**What is needed**
Pull each line containing "metis" out of the listing below.
Start of Information provided
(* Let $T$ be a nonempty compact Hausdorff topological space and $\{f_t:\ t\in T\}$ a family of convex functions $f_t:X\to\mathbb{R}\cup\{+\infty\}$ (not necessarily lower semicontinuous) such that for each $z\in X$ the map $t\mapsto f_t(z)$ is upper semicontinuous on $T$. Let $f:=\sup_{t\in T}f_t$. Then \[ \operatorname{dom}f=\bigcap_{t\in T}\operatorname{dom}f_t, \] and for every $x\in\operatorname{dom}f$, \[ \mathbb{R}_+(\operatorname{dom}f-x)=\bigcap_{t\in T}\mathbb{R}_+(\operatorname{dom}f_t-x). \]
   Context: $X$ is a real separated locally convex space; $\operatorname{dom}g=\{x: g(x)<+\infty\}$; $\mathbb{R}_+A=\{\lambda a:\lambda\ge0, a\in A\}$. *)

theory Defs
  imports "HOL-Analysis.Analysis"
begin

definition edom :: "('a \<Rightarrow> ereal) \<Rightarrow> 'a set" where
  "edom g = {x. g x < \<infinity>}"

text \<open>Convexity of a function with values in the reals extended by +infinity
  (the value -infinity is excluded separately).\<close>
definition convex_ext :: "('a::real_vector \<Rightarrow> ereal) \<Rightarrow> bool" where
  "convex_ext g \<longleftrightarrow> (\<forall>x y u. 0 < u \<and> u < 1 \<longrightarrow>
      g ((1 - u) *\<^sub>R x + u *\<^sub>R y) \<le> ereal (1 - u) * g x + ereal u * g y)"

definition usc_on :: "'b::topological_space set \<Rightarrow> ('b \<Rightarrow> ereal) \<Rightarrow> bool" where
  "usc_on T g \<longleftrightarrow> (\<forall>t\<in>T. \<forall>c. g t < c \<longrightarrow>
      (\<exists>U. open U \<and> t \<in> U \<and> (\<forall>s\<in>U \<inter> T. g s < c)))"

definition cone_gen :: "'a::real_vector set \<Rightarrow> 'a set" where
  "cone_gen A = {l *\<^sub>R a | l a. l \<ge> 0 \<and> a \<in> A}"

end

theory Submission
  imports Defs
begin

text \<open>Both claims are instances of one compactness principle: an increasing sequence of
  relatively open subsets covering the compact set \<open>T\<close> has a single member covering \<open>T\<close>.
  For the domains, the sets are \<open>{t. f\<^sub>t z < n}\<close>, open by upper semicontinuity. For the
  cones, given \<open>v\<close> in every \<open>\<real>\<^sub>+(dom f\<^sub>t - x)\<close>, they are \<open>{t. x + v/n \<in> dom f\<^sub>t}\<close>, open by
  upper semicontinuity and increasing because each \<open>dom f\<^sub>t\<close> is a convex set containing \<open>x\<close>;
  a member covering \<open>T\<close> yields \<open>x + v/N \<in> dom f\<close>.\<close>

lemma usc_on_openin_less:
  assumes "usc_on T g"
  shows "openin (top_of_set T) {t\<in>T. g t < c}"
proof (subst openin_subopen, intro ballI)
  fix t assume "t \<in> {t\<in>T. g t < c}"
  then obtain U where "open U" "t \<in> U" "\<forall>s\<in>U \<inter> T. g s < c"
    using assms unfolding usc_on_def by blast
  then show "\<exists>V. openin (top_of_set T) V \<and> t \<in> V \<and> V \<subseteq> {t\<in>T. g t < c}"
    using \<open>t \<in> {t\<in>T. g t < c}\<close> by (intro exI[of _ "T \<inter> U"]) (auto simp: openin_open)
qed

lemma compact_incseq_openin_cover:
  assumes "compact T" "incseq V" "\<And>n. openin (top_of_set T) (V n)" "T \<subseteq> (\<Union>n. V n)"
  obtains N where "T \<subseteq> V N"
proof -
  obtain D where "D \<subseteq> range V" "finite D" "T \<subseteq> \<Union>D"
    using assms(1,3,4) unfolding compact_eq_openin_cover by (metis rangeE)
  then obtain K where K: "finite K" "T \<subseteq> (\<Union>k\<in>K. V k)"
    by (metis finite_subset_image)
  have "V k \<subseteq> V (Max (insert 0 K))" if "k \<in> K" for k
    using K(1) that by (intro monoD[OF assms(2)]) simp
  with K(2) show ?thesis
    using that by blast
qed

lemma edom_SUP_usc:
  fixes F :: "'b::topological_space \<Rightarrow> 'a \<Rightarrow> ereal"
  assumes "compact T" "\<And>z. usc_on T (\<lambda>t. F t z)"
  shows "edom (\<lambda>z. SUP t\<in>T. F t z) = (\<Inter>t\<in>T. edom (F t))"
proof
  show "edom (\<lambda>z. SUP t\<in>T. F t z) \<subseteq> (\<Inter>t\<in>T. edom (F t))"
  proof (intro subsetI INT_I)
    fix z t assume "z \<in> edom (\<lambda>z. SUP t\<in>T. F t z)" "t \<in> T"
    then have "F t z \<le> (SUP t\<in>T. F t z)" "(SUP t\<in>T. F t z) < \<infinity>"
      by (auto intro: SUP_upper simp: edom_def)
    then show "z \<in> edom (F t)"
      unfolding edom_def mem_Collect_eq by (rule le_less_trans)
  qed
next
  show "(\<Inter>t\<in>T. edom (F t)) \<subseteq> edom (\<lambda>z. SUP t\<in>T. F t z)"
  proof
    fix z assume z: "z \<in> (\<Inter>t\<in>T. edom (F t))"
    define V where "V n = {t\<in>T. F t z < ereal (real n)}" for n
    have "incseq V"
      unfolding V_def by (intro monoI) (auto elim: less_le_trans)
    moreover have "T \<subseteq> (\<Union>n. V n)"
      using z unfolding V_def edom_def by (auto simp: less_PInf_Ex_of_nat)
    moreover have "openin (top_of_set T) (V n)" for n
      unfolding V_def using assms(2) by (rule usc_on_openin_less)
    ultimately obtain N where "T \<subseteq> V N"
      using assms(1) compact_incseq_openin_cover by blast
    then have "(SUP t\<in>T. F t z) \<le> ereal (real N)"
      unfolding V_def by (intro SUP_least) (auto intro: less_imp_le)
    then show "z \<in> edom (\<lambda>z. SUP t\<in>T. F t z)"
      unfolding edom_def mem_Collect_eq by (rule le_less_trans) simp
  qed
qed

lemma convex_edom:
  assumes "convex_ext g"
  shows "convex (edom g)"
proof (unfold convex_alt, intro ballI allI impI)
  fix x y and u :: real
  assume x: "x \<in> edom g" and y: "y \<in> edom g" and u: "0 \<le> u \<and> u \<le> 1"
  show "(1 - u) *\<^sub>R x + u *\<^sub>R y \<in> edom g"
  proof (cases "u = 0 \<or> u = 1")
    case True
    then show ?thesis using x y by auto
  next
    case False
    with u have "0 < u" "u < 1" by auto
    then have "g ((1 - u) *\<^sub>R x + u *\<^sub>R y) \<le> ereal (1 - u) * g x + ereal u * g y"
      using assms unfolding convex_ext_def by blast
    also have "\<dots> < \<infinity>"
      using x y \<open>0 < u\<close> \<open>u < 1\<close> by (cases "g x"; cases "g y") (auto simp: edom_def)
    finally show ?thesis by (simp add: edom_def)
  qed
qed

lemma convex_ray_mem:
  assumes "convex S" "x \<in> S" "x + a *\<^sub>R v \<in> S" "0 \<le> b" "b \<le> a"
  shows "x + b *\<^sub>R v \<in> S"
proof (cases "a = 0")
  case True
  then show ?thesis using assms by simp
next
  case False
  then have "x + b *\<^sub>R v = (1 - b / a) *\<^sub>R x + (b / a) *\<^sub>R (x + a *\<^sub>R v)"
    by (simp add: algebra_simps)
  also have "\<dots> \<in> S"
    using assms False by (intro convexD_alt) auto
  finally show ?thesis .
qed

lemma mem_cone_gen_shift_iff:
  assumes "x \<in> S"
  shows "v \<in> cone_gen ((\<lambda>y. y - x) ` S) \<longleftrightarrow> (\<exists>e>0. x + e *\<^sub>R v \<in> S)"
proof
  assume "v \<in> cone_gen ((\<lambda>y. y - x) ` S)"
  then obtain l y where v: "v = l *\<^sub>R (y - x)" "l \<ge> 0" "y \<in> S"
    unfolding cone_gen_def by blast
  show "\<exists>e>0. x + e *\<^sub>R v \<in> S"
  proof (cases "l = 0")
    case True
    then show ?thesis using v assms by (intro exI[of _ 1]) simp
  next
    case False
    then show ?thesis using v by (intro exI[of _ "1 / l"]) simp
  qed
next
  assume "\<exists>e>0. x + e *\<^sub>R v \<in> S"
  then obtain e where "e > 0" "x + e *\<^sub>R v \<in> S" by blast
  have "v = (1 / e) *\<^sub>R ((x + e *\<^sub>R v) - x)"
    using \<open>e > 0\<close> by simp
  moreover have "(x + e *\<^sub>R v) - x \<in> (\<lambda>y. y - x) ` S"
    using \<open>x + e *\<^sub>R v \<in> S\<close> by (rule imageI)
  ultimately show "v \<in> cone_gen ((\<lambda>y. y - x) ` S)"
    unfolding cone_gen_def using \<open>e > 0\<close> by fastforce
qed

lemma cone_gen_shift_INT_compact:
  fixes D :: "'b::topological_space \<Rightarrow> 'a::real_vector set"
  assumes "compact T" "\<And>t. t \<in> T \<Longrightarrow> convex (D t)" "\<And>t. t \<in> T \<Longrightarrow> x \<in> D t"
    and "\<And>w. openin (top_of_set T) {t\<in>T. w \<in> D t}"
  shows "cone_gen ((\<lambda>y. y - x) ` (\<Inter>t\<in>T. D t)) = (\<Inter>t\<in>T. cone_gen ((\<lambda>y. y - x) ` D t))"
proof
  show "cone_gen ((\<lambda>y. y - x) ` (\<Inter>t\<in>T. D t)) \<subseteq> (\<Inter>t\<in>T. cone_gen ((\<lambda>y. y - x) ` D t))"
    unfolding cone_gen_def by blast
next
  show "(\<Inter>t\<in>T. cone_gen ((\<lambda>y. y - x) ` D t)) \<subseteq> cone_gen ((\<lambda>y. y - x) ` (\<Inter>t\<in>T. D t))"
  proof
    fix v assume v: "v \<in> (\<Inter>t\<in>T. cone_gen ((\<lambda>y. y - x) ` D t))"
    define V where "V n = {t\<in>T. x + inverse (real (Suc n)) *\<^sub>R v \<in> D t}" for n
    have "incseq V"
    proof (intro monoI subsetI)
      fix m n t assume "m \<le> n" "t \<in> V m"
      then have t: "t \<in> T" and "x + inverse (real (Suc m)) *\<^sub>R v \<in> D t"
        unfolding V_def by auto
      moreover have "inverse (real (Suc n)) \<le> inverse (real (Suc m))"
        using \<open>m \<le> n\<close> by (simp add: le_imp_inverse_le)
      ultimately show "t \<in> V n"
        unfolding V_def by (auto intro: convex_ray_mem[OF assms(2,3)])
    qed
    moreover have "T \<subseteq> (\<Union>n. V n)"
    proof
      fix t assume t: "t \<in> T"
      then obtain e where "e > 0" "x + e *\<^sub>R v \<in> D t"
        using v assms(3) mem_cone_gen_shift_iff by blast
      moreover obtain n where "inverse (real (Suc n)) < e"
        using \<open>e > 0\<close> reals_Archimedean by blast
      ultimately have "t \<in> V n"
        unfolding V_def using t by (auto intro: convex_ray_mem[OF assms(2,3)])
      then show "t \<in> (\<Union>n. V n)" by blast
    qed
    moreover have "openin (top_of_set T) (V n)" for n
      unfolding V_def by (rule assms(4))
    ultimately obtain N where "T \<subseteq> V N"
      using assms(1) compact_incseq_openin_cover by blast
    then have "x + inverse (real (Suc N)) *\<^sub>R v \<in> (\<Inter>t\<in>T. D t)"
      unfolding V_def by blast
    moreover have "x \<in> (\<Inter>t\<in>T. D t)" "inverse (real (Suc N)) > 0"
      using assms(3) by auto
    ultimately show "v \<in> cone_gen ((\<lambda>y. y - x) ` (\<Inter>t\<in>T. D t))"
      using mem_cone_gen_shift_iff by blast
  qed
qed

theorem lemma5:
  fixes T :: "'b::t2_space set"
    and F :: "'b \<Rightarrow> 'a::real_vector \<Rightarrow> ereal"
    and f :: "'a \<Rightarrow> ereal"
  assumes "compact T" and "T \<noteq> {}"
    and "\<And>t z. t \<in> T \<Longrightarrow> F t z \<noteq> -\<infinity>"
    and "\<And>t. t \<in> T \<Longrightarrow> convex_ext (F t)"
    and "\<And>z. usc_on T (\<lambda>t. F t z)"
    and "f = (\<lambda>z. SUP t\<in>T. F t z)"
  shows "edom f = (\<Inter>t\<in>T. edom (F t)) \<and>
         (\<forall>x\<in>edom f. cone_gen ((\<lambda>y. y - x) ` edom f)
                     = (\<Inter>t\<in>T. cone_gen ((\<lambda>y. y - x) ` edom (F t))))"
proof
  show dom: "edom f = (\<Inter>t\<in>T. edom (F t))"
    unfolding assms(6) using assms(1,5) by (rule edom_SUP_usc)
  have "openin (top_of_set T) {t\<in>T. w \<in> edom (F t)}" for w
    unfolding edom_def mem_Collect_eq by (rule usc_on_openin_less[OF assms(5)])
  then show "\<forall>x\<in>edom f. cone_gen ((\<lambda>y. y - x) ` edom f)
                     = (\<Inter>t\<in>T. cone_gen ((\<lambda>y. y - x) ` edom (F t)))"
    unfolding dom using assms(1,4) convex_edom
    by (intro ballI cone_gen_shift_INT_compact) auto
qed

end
End of Information provided
**Task answer**
    using assms(1,3,4) unfolding compact_eq_openin_cover by (metis rangeE)
    by (metis finite_subset_image)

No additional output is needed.